The group largely supplies its cable products to local companies and projects such as Tenaga Nasional Bhd, Kuala Lumpur International Airport, Westports Holdings Bhd, Mass Rapid Transit and the Intermark Mall, while about 5% are exported to foreign jobs in countries like Singapore, Vietnam and Cambodia.
Speaking to Starbizweek, the management of OSK says the group’s cable business benefited from steady demand from the renewable energy sector and data centres, as these segments have helped to buffer the slowdown in demand from the housing sector in recent years.
“Looking ahead, while we do not foresee a rapid expansion in the domestic cable market, we do think that the market demand for cables will remain stable in the medium term.
“Under OCC, we will continue to focus on supplying power cables to the domestic market while we try to break into export markets around the Asean region. We are also expanding into fibre optic cables, and hope to begin supplying them in financial year 2024 (FY24),” it says.
On the other hand, OSK manufactures and sells IBS hollow core precast wall panels through Acotec Sdn Bhd, with three factories located in Nilai in Negri Sembilan, Taiping in Perak and Bandar Tenggara in Johor.
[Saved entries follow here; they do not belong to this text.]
text \<open>Grouping the indices into the fibres of \<open>g\<close> turns the double sum into a sum of squares.\<close>
lemma sum_same_fibre_products_ge:
  fixes x :: "'a \<Rightarrow> real" and g :: "'a \<Rightarrow> 'b"
  assumes N: "finite N" and x: "\<forall>i\<in>N. x i * x i = 1"
  shows "2 * real (card (g ` N)) - real (card N)
    \<le> (\<Sum>i\<in>N. \<Sum>j\<in>N. if g i = g j then x i * x j else 0)"
proof -
  let ?C = "\<lambda>s. {i \<in> N. g i = s}"
  have row: "(\<Sum>j\<in>N. if g i = g j then x i * x j else 0) = x i * (\<Sum>j\<in>?C (g i). x j)" for i
  proof -
    have "(\<Sum>j\<in>N. if g i = g j then x i * x j else 0) = (\<Sum>j\<in>N. if g j = g i then x i * x j else 0)"
      by (intro sum.cong) auto
    also have "\<dots> = (\<Sum>j\<in>?C (g i). x i * x j)"
      using N by (simp add: sum.inter_filter)
    finally show ?thesis by (simp add: sum_distrib_left)
  qed
  have "(\<Sum>i\<in>N. \<Sum>j\<in>N. if g i = g j then x i * x j else 0) = (\<Sum>i\<in>N. x i * (\<Sum>j\<in>?C (g i). x j))"
    by (simp add: row)
  also have "\<dots> = (\<Sum>s\<in>g ` N. \<Sum>i\<in>?C s. x i * (\<Sum>j\<in>?C (g i). x j))"
    by (rule sum.group[symmetric]) (use N in auto)
  also have "\<dots> = (\<Sum>s\<in>g ` N. \<Sum>i\<in>?C s. x i * (\<Sum>j\<in>?C s. x j))"
    by (intro sum.cong refl) auto
  also have "\<dots> = (\<Sum>s\<in>g ` N. (\<Sum>i\<in>?C s. x i)\<^sup>2)"
    by (simp add: power2_eq_square sum_distrib_right)
  finally have sq: "(\<Sum>i\<in>N. \<Sum>j\<in>N. if g i = g j then x i * x j else 0) = \<dots>" .
  have "real (card N) = (\<Sum>s\<in>g ` N. real (card (?C s)))"
    using sum.group[of N "g ` N" g "\<lambda>_. 1 :: real"] N by simp
  then have "2 * real (card (g ` N)) - real (card N) = (\<Sum>s\<in>g ` N. 2 - real (card (?C s)))"
    by (simp add: sum_subtractf)
  also have "\<dots> \<le> (\<Sum>s\<in>g ` N. (\<Sum>i\<in>?C s. x i)\<^sup>2)"
    using N x by (intro sum_mono sum_sq_ge_two_minus_card) auto
  finally show ?thesis using sq by simp
qed
lemma fabc_orbit_enters_interval_two_thirds:
  assumes "1/2 < b" "b \<le> 1" "0 \<le> c" "c < 1/2"
    and "x0 \<in> {1/3<..<4/9*(1+c)} \<union> {4/9*(1+b)<..<1}"
  shows "\<exists>n0. \<forall>n>n0. (fabc a b c ^^ n) x0 \<in> {4/9*(1+c)..4/9*(1+b)}"
  using assms(5)
proof
  assume x0: "x0 \<in> {1/3<..<4/9*(1+c)}"
  show ?thesis
  proof (rule qso_orbit_enters_from_below[OF fabc_invariant_interval_two_thirds, where q = b])
    fix x assume x: "x0 \<le> x" "x < 4/9*(1+c)"
    then have fx: "fabc a b c x = qso b x" using x0 assms by (simp add: fabc_middle_third)
    then show "\<exists>p\<ge>b. fabc a b c x = qso p x" by auto
    have "qso b x \<le> qso b (2/3)" using x x0 assms by (intro qso_mono) auto
    then show "fabc a b c x \<le> 4/9*(1+b)" using fx by simp
  qed (use x0 assms in auto)
next
  assume x0: "x0 \<in> {4/9*(1+b)<..<1}"
  show ?thesis
  proof (rule qso_orbit_enters_from_above[OF fabc_invariant_interval_two_thirds, where q = c])
    fix x assume x: "4/9*(1+b) < x" "x \<le> x0"
    then have fx: "fabc a b c x = qso c x" using x0 assms by (simp add: fabc_last_third)
    then show "\<exists>p\<le>c. fabc a b c x = qso p x" by auto
    have "qso c (2/3) \<le> qso c x" using x x0 assms by (intro qso_mono) auto
    then show "4/9*(1+c) \<le> fabc a b c x" using fx by simp
  qed (use x0 assms in auto)
qed

text \<open>The last hypothesis makes every branch met on the way down from above contracting.\<close>

lemma fabc_orbit_enters_interval_one_third:
  assumes "1/2 < a" "a \<le> 1" "0 \<le> b" "b < 1/2" "0 \<le> c"
    and "x0 \<in> {0<..<1/9*(1+4*b)} \<union> {1/9*(1+4*a)<..<1}" and "x0 < 2/3 \<or> c < 1/2"
  shows "\<exists>n0. \<forall>n>n0. (fabc a b c ^^ n) x0 \<in> {1/9*(1+4*b)..1/9*(1+4*a)}"
  using assms(6)
proof
  assume x0: "x0 \<in> {0<..<1/9*(1+4*b)}"
  show ?thesis
  proof (rule qso_orbit_enters_from_below[OF fabc_invariant_interval_one_third, where q = a])
    fix x assume x: "x0 \<le> x" "x < 1/9*(1+4*b)"
    then have fx: "fabc a b c x = qso a x" using x0 assms by (simp add: fabc_first_third)
    then show "\<exists>p\<ge>a. fabc a b c x = qso p x" by auto
    have "qso a x \<le> qso a (1/3)" using x x0 assms by (intro qso_mono) auto
    then show "fabc a b c x \<le> 1/9*(1+4*a)" using fx by simp
  qed (use x0 assms in auto)
next
  assume x0: "x0 \<in> {1/9*(1+4*a)<..<1}"
  define q where "q = (if c < 1/2 then max b c else b)"
  show ?thesis
  proof (rule qso_orbit_enters_from_above[OF fabc_invariant_interval_one_third, where q = q])
    fix x assume x: "1/9*(1+4*a) < x" "x \<le> x0"
    have "\<exists>p\<le>q. fabc a b c x = qso p x \<and> 1/9*(1+4*b) \<le> fabc a b c x"
    proof (cases "x < 2/3")
      case True
      then have fx: "fabc a b c x = qso b x" using x assms by (simp add: fabc_middle_third)
      have "qso b (1/3) \<le> qso b x" using x assms by (intro qso_mono) auto
      then show ?thesis using fx q_def by (intro exI[of _ b]) auto
    next
      case False
      then have fx: "fabc a b c x = qso c x" and "c < 1/2"
        using x assms by (auto simp: fabc_last_third)
      have "qso c (2/3) \<le> qso c x" using False x x0 \<open>c < 1/2\<close> assms by (intro qso_mono) auto
      then show ?thesis using fx q_def \<open>c < 1/2\<close> assms by (intro exI[of _ c]) auto
    qed
    then show "\<exists>p\<le>q. fabc a b c x = qso p x" "1/9*(1+4*b) \<le> fabc a b c x" by auto
  qed (use x0 assms q_def in auto)
qed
With regards to the group’s Acotec IBS business, OSK says the performance in 2023 was supported by a recovery in demand from the Singapore market, and from increased interest among Malaysian developers for a cost-efficient and proven IBS solution.
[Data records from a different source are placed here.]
(* Consider Method 1.3 (described in the context) for finding $p^*=\Pr(y,D)$, the Euclidean projection of a given point $y\in\mathbb{R}^n$ onto $D$. Suppose the method does not terminate. Then every limit point of the sequence $\{p_k\}_{k\in K}$ equals $p^*$; and if $\|p_{k+1}-y\|\ge\|p_k-y\|$ for all $k\in K$, then $p_k\to p^*$.
   Context: Setting: $D''\subset\mathbb{R}^n$ closed convex; $f_j$, $j\in J=\{1,\dots,m\}$, convex on $\mathbb{R}^n$ with $D_j=\{x:f_j(x)\le0\}$ having nonempty interior; $D'=\{x:f_j(x)\le0\ \forall j\}$; $D=D'\cap D''\ne\emptyset$. Notation: $K=\{0,1,\dots\}$, $F=\max_jf_j$, $D'_\varepsilon=\{x:F(x)\le\varepsilon\}$, $\Pr(y,S)$ is the projection of $y$ onto the closed convex set $S$, $W^1(x,D_j)=\{a:\|a\|=1,\ \langle a,z-x\rangle\le0\ \forall z\in D_j\}$. Method 1.3: choose $v^j\in\operatorname{int}D_j$, a sequence $\varepsilon_k>0$ with $\varepsilon_k\to0$, and a constant $q\ge1$; set $k=i=0$, $M_0=\mathbb{R}^n$, $y_0=\Pr(y,D'')$. Step 1: $J_i=\{j:y_i\notin D_j\}$; if empty, stop. Step 2: if $y_i\notin D'_{\varepsilon_k}$ set $Q_i=M_i$; otherwise set $i_k=i$, $p_k=y_{i_k}$, $Q_i=\mathbb{R}^n$, $k\leftarrow k+1$. Step 3: for $j\in J_i$ choose $z_i^j\in(v^j,y_i)$ with $z_i^j\notin\operatorname{int}D_j$ and $y_i+q_i^j(z_i^j-y_i)\in D_j$ for some $q_i^j\in[1,q]$; for $j\notin J_i$, $z_i^j=y_i$. Step 4: find $j_i\in J_i$ with $\|y_i-z_i^{j_i}\|=\max_{j\in J_i}\|y_i-z_i^j\|$. Step 5: choose $a_i\in W^1(z_i^{j_i},D_{j_i})$ and set $M_{i+1}=Q_i\cap\{x:\langle a_i,x-z_i^{j_i}\rangle\le0\}$. Step 6: $y_{i+1}=\Pr(y,M_{i+1}\cap D'')$; $i\leftarrow i+1$; go to Step 1. *)

theory Defs
  imports "HOL-Analysis.Analysis"
begin

text \<open>Index set J = {0..<m} (the paper's {1..m} shifted). D_j = {x. f_j x \<le> 0}.\<close>

definition Dj :: "(nat \<Rightarrow> 'a \<Rightarrow> real) \<Rightarrow> nat \<Rightarrow> 'a set" where
  "Dj f j = {x. f j x \<le> 0}"

text \<open>D'_eps = {x. F x \<le> eps} with F = max_j f_j, i.e. f_j x \<le> eps for all j in J.\<close>
definition Deps :: "nat \<Rightarrow> (nat \<Rightarrow> 'a \<Rightarrow> real) \<Rightarrow> real \<Rightarrow> 'a set" where
  "Deps m f e = {x. \<forall>j<m. f j x \<le> e}"

text \<open>A non-terminating run of Method 1.3. Iteration i has current point ys i, set M i,
  set Q i, points z i j, chosen index jj i, normal a i; kk i is the value of the counter k
  when iteration i reaches Step 2 (kk (Suc i) = Suc (kk i) exactly when Step 2 takes the
  second branch, i.e. i = i_{kk i}). Non-termination: J_i is nonempty for every i.\<close>
definition method13_run ::
  "nat \<Rightarrow> (nat \<Rightarrow> 'a::euclidean_space \<Rightarrow> real) \<Rightarrow> 'a set \<Rightarrow> 'a \<Rightarrow> (nat \<Rightarrow> 'a)
   \<Rightarrow> (nat \<Rightarrow> real) \<Rightarrow> real
   \<Rightarrow> (nat \<Rightarrow> 'a) \<Rightarrow> (nat \<Rightarrow> 'a set) \<Rightarrow> (nat \<Rightarrow> 'a set) \<Rightarrow> (nat \<Rightarrow> nat \<Rightarrow> 'a)
   \<Rightarrow> (nat \<Rightarrow> nat) \<Rightarrow> (nat \<Rightarrow> 'a) \<Rightarrow> (nat \<Rightarrow> nat) \<Rightarrow> bool" where
  "method13_run m f D2 y v eps q ys M Q z jj a kk \<longleftrightarrow>
     (\<forall>j<m. v j \<in> interior (Dj f j)) \<and>
     (\<forall>k. eps k > 0) \<and> eps \<longlonglongrightarrow> 0 \<and> q \<ge> 1 \<and>
     kk 0 = 0 \<and> M 0 = UNIV \<and> ys 0 = closest_point D2 y \<and>
     (\<forall>i.
        \<comment> \<open>Step 1: J_i nonempty (the method does not stop)\<close>
        (\<exists>j<m. ys i \<notin> Dj f j) \<and>
        \<comment> \<open>Step 2\<close>
        (ys i \<notin> Deps m f (eps (kk i)) \<longrightarrow> Q i = M i \<and> kk (Suc i) = kk i) \<and>
        (ys i \<in> Deps m f (eps (kk i)) \<longrightarrow> Q i = UNIV \<and> kk (Suc i) = Suc (kk i)) \<and>
        \<comment> \<open>Step 3\<close>
        (\<forall>j<m. ys i \<notin> Dj f j \<longrightarrow>
            z i j \<in> open_segment (v j) (ys i) \<and> z i j \<notin> interior (Dj f j) \<and>
            (\<exists>qq. 1 \<le> qq \<and> qq \<le> q \<and> ys i + qq *\<^sub>R (z i j - ys i) \<in> Dj f j)) \<and>
        (\<forall>j<m. ys i \<in> Dj f j \<longrightarrow> z i j = ys i) \<and>
        \<comment> \<open>Step 4\<close>
        jj i < m \<and> ys i \<notin> Dj f (jj i) \<and>
        (\<forall>j<m. ys i \<notin> Dj f j \<longrightarrow> norm (ys i - z i j) \<le> norm (ys i - z i (jj i))) \<and>
        \<comment> \<open>Step 5\<close>
        norm (a i) = 1 \<and> (\<forall>x\<in>Dj f (jj i). inner (a i) (x - z i (jj i)) \<le> 0) \<and>
        M (Suc i) = Q i \<inter> {x. inner (a i) (x - z i (jj i)) \<le> 0} \<and>
        \<comment> \<open>Step 6\<close>
        ys (Suc i) = closest_point (M (Suc i) \<inter> D2) y)"

text \<open>i_k: the iteration at which the counter moves from k to k+1; p_k = y_{i_k}.\<close>
definition method13_p :: "(nat \<Rightarrow> 'a) \<Rightarrow> (nat \<Rightarrow> nat) \<Rightarrow> nat \<Rightarrow> 'a" where
  "method13_p ys kk k = ys (LEAST i. kk i = k \<and> kk (Suc i) = Suc k)"

end

theory Submission
  imports Defs
begin

(* Every iterate y_i is the projection of y onto the closed convex set M_i \<inter> D'', which contains
   D, so no iterate is farther from y than p* = Pr(y, D). The ball around v^j lies behind the cut
   through z_i, which bounds |y_i - z_i| by a constant times the depth of y_i beyond the cut; as
   y_{i+1} lies behind the cut, that depth is at most |y_i - y_{i+1}|, and by Step 3 so is (up to
   a constant) the distance from y_i to every D_j. If the counter k stopped at some K, the sets
   M_i \<inter> D'' would be nested from then on, so |y_i - y|^2 would increase to a finite limit and,
   by Pythagoras, (y_i) would be a Cauchy sequence; its limit would lie in D', and y_i would
   eventually enter D'_{eps_K}, forcing k to move. Hence every p_k exists, lies in
   D'_{eps_k} \<inter> D'' and is at least as close to y as p*, so each limit point of (p_k) lies in D
   and is a closest point, i.e. equals p*. A bounded sequence whose only limit point is p*
   converges to p*. *)

lemma convex_sublevel_set:
  assumes "convex_on S f"
  shows "convex {x \<in> S. f x \<le> c}"
proof (rule convexI, clarsimp)
  fix x x' and u u' :: real assume "x \<in> S" "x' \<in> S" "f x \<le> c" "f x' \<le> c" "0 \<le> u" "0 \<le> u'" "u + u' = 1"
  then show "u *\<^sub>R x + u' *\<^sub>R x' \<in> S \<and> f (u *\<^sub>R x + u' *\<^sub>R x') \<le> c"
    using convex_lower[OF assms] convexD[OF convex_on_imp_convex[OF assms]] by (smt (verit))
qed

lemma supporting_halfspace_segment_bound:
  fixes a v w z :: "'a::real_inner"
  assumes a: "norm a = 1" and \<delta>: "0 < \<delta>" and ball: "ball v \<delta> \<subseteq> S"
    and supp: "\<forall>x\<in>S. inner a (x - z) \<le> 0" and z: "z \<in> open_segment v w"
  shows "0 \<le> inner a (w - z)" and "\<delta> * norm (w - z) \<le> 2 * norm (w - v) * inner a (w - z)"
proof -
  obtain t where t: "0 < t" "t < 1" and z_eq: "z = (1 - t) *\<^sub>R v + t *\<^sub>R w"
    using z unfolding in_segment by auto
  have "v + (\<delta>/2) *\<^sub>R a \<in> S"
    using ball a \<delta> by (auto simp: dist_norm)
  then have "inner a ((\<delta>/2) *\<^sub>R a - t *\<^sub>R (w - v)) \<le> 0"
    using supp z_eq by (force simp: algebra_simps)
  moreover have "inner a a = 1"
    using a by (simp add: norm_eq_1)
  ultimately have depth: "\<delta>/2 \<le> t * inner a (w - v)"
    by (simp add: inner_diff_right)
  then have pos: "0 < inner a (w - v)"
    using \<delta> t zero_less_mult_pos[of t "inner a (w - v)"] by linarith
  then have "\<delta> \<le> 2 * inner a (w - v)"
    using depth t mult_left_le_one_le[of "inner a (w - v)" t] by linarith
  then have "(1 - t) * (\<delta> * norm (w - v)) \<le> (1 - t) * (2 * inner a (w - v) * norm (w - v))"
    using t by (intro mult_left_mono mult_right_mono) auto
  moreover have w_z: "w - z = (1 - t) *\<^sub>R (w - v)"
    using z_eq by (simp add: algebra_simps)
  then have "norm (w - z) = (1 - t) * norm (w - v)" and inner_w_z: "inner a (w - z) = (1 - t) * inner a (w - v)"
    using t by simp_all
  ultimately show "\<delta> * norm (w - z) \<le> 2 * norm (w - v) * inner a (w - z)"
    by (simp add: ac_simps)
  show "0 \<le> inner a (w - z)"
    using t pos by (simp add: inner_w_z)
qed

lemma closest_point_subset_sq_dist:
  fixes y :: "'a::euclidean_space"
  assumes "convex S" "closed S" "T \<subseteq> S" "closed T" "T \<noteq> {}"
  shows "(norm (closest_point T y - closest_point S y))\<^sup>2
         \<le> (norm (closest_point T y - y))\<^sup>2 - (norm (closest_point S y - y))\<^sup>2"
proof -
  let ?p = "closest_point S y" and ?p' = "closest_point T y"
  have "?p' \<in> S"
    using closest_point_in_set[OF assms(4,5)] assms(3) by blast
  then have "inner (y - ?p) (?p' - ?p) \<le> 0"
    using closest_point_dot[OF assms(1,2)] by blast
  moreover have "?p' - y = (?p' - ?p) - (y - ?p)" by simp
  then have "(norm (?p' - y))\<^sup>2 = (norm (?p' - ?p))\<^sup>2 - 2 * inner (y - ?p) (?p' - ?p) + (norm (?p - y))\<^sup>2"
    unfolding power2_norm_eq_inner by (simp add: inner_diff_left inner_diff_right inner_commute)
  ultimately show ?thesis by simp
qed

lemma convergent_closest_point_decseq:
  fixes S :: "nat \<Rightarrow> 'a::euclidean_space set"
  assumes dec: "decseq S" and closed: "\<And>n. closed (S n)" and convex: "\<And>n. convex (S n)"
    and x: "x \<in> \<Inter>(range S)"
  shows "convergent (\<lambda>n. closest_point (S n) y)"
proof -
  define p where "p n = closest_point (S n) y" for n
  define g where "g n = (norm (p n - y))\<^sup>2" for n
  have gap: "(norm (p n - p k))\<^sup>2 \<le> g n - g k" if "k \<le> n" for k n
    unfolding p_def g_def using x dec that
    by (intro closest_point_subset_sq_dist closed convex) (auto simp: decseq_def)
  have "convergent g"
  proof (rule Bseq_mono_convergent)
    have "norm (p n - y) \<le> dist y x" for n
      using closest_point_le[OF closed, of x n y] x by (simp add: p_def dist_norm norm_minus_commute)
    then show "Bseq g"
      by (intro BseqI'[of _ "(dist y x)\<^sup>2"]) (simp add: g_def power_mono)
    show "\<forall>k n. k \<le> n \<longrightarrow> g k \<le> g n"
    proof (intro allI impI)
      fix k n :: nat assume "k \<le> n"
      then show "g k \<le> g n"
        using gap[of k n] zero_le_power2[of "norm (p n - p k)"] by linarith
    qed
  qed
  then have "Cauchy g" by (rule convergent_Cauchy)
  have "Cauchy p"
    unfolding Cauchy_altdef
  proof (intro allI impI)
    fix e :: real assume "0 < e"
    then have "0 < e\<^sup>2" by simp
    then obtain N where N: "\<forall>k\<ge>N. \<forall>n>k. dist (g k) (g n) < e\<^sup>2"
      using \<open>Cauchy g\<close> unfolding Cauchy_altdef by blast
    have "dist (p k) (p n) < e" if "N \<le> k" "k < n" for k n
    proof -
      have "\<bar>g k - g n\<bar> < e\<^sup>2"
        using N that by (simp add: dist_real_def)
      then have "(norm (p n - p k))\<^sup>2 < e\<^sup>2"
        using gap[of k n] that by linarith
      then have "norm (p n - p k) < e"
        using \<open>0 < e\<close> by (simp add: power2_less_imp_less)
      then show ?thesis
        by (simp add: dist_norm norm_minus_commute)
    qed
    then show "\<exists>N. \<forall>k\<ge>N. \<forall>n>k. dist (p k) (p n) < e" by blast
  qed
  then show ?thesis
    by (simp add: Cauchy_convergent_iff p_def [abs_def])
qed

lemma Lim_in_closed_set_approx:
  fixes x :: "nat \<Rightarrow> 'a::real_normed_vector"
  assumes "closed S" and x: "x \<longlonglongrightarrow> L" and d: "d \<longlonglongrightarrow> 0"
    and near: "\<And>n. \<exists>w\<in>S. dist w (x n) \<le> d n"
  shows "L \<in> S"
proof -
  have "\<exists>w. \<forall>n. w n \<in> S \<and> dist (w n) (x n) \<le> d n"
    using near by (intro choice) blast
  then obtain w where w: "\<And>n. w n \<in> S" "\<And>n. dist (w n) (x n) \<le> d n"
    by blast
  have "\<forall>n. norm (w n - x n) \<le> d n"
    using w(2) by (simp add: dist_norm)
  then have "(\<lambda>n. w n - x n) \<longlonglongrightarrow> 0"
    by (rule Lim_null_comparison[OF always_eventually d])
  with x have "w \<longlonglongrightarrow> L"
    by (rule Lim_transform)
  with \<open>closed S\<close> show ?thesis
    using closed_sequentially w(1) by blast
qed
“Over the past two decades, we have been able to create a high-quality product that meets the cost expectations of developers and the quality expectations of home buyers, but adoption by the local market has been a slow process.
“We foresee that Acotec’s business can grow in the coming years if more developers start to realise that there is a locally produced IBS solution that is both cost effective and proven to work in the local market,” the company says.
The management adds that Acotec’s focus for the next few years is to develop lightweight concrete products and to further improve the company’s Acobuilt home building system, which the company believes is one of very few turnkey IBS solutions that really works from a quality and cost perspective in Malaysia.
Analysts say property and capital financing segments as well as OSK’S strong management team along with its stake in RHB Bank Bhd are expected to remain as key catalysts to the company’s earnings going forward.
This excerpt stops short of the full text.